From: POW-MIA InterNetwork

Date: April 25, 2003

"Korean War prisoners remember grueling experience 50 years on
BEIJING (AFP)

As the Korean peninsula teeters precariously ahead of still uncertain US-China-North Korea talks this week, a 50-year anniversary is reminding veterans on both sides of the Pacific about the human cost of armed conflict.

In late April 1953, the two sides in the Korean War, who had been killing each other for nearly three years, began exchanging sick and wounded prisoners in what was nicknamed operation "Little Switch".

Although that operation, along with the entire conflict, has faded into history, the men who experienced it are still deeply divided over what happened in POW camps on either side.

"We didn't kill POWs," 76-year-old Kim Thae Hwa, a North Korean veteran, told AFP during a recent reporting trip to Pyongyang. "We treated them well. If they fell ill, we gave them medical care."

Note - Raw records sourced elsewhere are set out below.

(* Let $\mathcal{X}$ be $\mathbb{E}^2$ or $\mathbb{H}^2$ and let $M$ be a locally-finite map in $\mathcal{X}$ with exactly one end such that $V(M)$ is a locally finite collection of vertices. Suppose $G\le\mathrm{Isom}(\mathcal{X})$ acts quasi-transitively on $M$. Then $G$ is a discrete group of isometries of $\mathcal{X}$.
   Context: A map $M$ in a surface $X$ is a (simple, connected, infinite) graph embedded in $X$: vertices are distinct points, edges are curves meeting only at common endpoints, and each face (component of the complement) is homeomorphic to an open disc. $M$ is locally-finite / has one end if its underlying graph does (ends = equivalence classes of rays, two rays equivalent if joined by infinitely many disjoint paths). $V(M)$ is a locally finite collection of vertices if every compact subset of $\mathcal{X}$ contains only finitely many vertices of $M$. A group $G\le\mathrm{Isom}(\mathcal{X})$ acts on $M$ if each $g\in G$ maps $M$ to itself with $g(V(M))=V(M)$ inducing a graph automorphism; it acts quasi-transitively if it has finitely many orbits on $V(M)$. *)

theory Defs
  imports "HOL-Analysis.Analysis"
begin

text \<open>E^2 is modelled as the complex plane with the Euclidean metric; H^2 is modelled
as the Poincare disc (open unit disc in the complex plane) with the hyperbolic metric.
In both cases the metric topology coincides with the Euclidean (subspace) topology,
so topological notions (compactness, arcs, components, homeomorphism) are taken from
the ambient complex plane.\<close>

datatype geometry = Euclidean | Hyperbolic

definition hyp_dist :: "complex \<Rightarrow> complex \<Rightarrow> real" where
  "hyp_dist z w = arcosh (1 + 2 * (cmod (z - w))\<^sup>2 / ((1 - (cmod z)\<^sup>2) * (1 - (cmod w)\<^sup>2)))"

fun space :: "geometry \<Rightarrow> complex set" where
  "space Euclidean = UNIV"
| "space Hyperbolic = ball 0 1"

fun gdist :: "geometry \<Rightarrow> complex \<Rightarrow> complex \<Rightarrow> real" where
  "gdist Euclidean z w = dist z w"
| "gdist Hyperbolic z w = hyp_dist z w"

text \<open>An isometry of X: a distance-preserving bijection of the space, taken to be the
identity outside the space (so that isometries are determined by their action on X).\<close>
definition isometry :: "geometry \<Rightarrow> (complex \<Rightarrow> complex) \<Rightarrow> bool" where
  "isometry X g \<longleftrightarrow> bij_betw g (space X) (space X)
     \<and> (\<forall>x\<in>space X. \<forall>y\<in>space X. gdist X (g x) (g y) = gdist X x y)
     \<and> (\<forall>x. x \<notin> space X \<longrightarrow> g x = x)"

definition isom_subgroup :: "geometry \<Rightarrow> (complex \<Rightarrow> complex) set \<Rightarrow> bool" where
  "isom_subgroup X G \<longleftrightarrow> (\<forall>g\<in>G. isometry X g) \<and> id \<in> G
     \<and> (\<forall>g\<in>G. \<forall>h\<in>G. g \<circ> h \<in> G)
     \<and> (\<forall>g\<in>G. \<exists>h\<in>G. h \<circ> g = id)"

text \<open>Discreteness of G as a subset of Isom(X) with the compact-open topology
(= topology of uniform convergence on compact sets): every element g of G has a
basic neighbourhood {h. sup over K of d(h x, g x) < e} meeting G only in g.\<close>
definition discrete_isom_group :: "geometry \<Rightarrow> (complex \<Rightarrow> complex) set \<Rightarrow> bool" where
  "discrete_isom_group X G \<longleftrightarrow>
     (\<forall>g\<in>G. \<exists>K e. compact K \<and> K \<subseteq> space X \<and> e > 0 \<and>
        (\<forall>h\<in>G. (\<forall>x\<in>K. gdist X (h x) (g x) < e) \<longrightarrow> h = g))"

definition is_edge_curve :: "geometry \<Rightarrow> complex set \<Rightarrow> complex set \<Rightarrow> bool" where
  "is_edge_curve X V C \<longleftrightarrow> (\<exists>\<gamma>. arc \<gamma> \<and> path_image \<gamma> = C \<and> C \<subseteq> space X
      \<and> pathstart \<gamma> \<in> V \<and> pathfinish \<gamma> \<in> V
      \<and> C \<inter> V = {pathstart \<gamma>, pathfinish \<gamma>})"

definition map_adj :: "complex set \<Rightarrow> complex set set \<Rightarrow> complex \<Rightarrow> complex \<Rightarrow> bool" where
  "map_adj V E u v \<longleftrightarrow> u \<noteq> v \<and> (\<exists>C\<in>E. C \<inter> V = {u, v})"

definition is_map :: "geometry \<Rightarrow> complex set \<Rightarrow> complex set set \<Rightarrow> bool" where
  "is_map X V E \<longleftrightarrow>
     V \<subseteq> space X
   \<and> (\<forall>C\<in>E. is_edge_curve X V C)
   \<and> (\<forall>C\<in>E. \<forall>C'\<in>E. C \<noteq> C' \<longrightarrow> C \<inter> C' \<subseteq> V)
   \<and> (\<forall>C\<in>E. \<forall>C'\<in>E. C \<noteq> C' \<longrightarrow> C \<inter> V \<noteq> C' \<inter> V)
   \<and> infinite V
   \<and> (\<forall>u\<in>V. \<forall>v\<in>V. (map_adj V E)\<^sup>*\<^sup>* u v)
   \<and> (\<forall>F \<in> components (space X - (V \<union> \<Union>E)). F homeomorphic ball (0::complex) 1)"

Kim's recollection, perhaps blurred by the passage of five decades and distorted by government propaganda, is contradicted by numerous accounts of summary executions of US prisoners, especially early in the war.

Those Americans who did make it to the North Korean hinterland in late 1950 faced grueling winter months when a large number succumbed to disease, starvation or maltreatment.

"I probably wouldn't have survived if I had been captured by the North Koreans," said Daniel Fenton, who was taken prisoner as a 24-year-old US Army corporal by the Chinese in April the following year.

"The North Koreans were brutal."

The Chinese, who deployed hundreds of thousands of troops on the peninsula to prevent US victory in the war, generally treated prisoners better than the North Koreans, historians agree.

But even the Chinese-run POW camps along the Yalu River that separates China from North Korea were a savage experience for the inmates.

"We had no meat and no fresh vegetables for over a year, and we had a lot of trouble because of lack of vitamins," said Fenton, who now lives in Florida. "I lost about one third of my body weight."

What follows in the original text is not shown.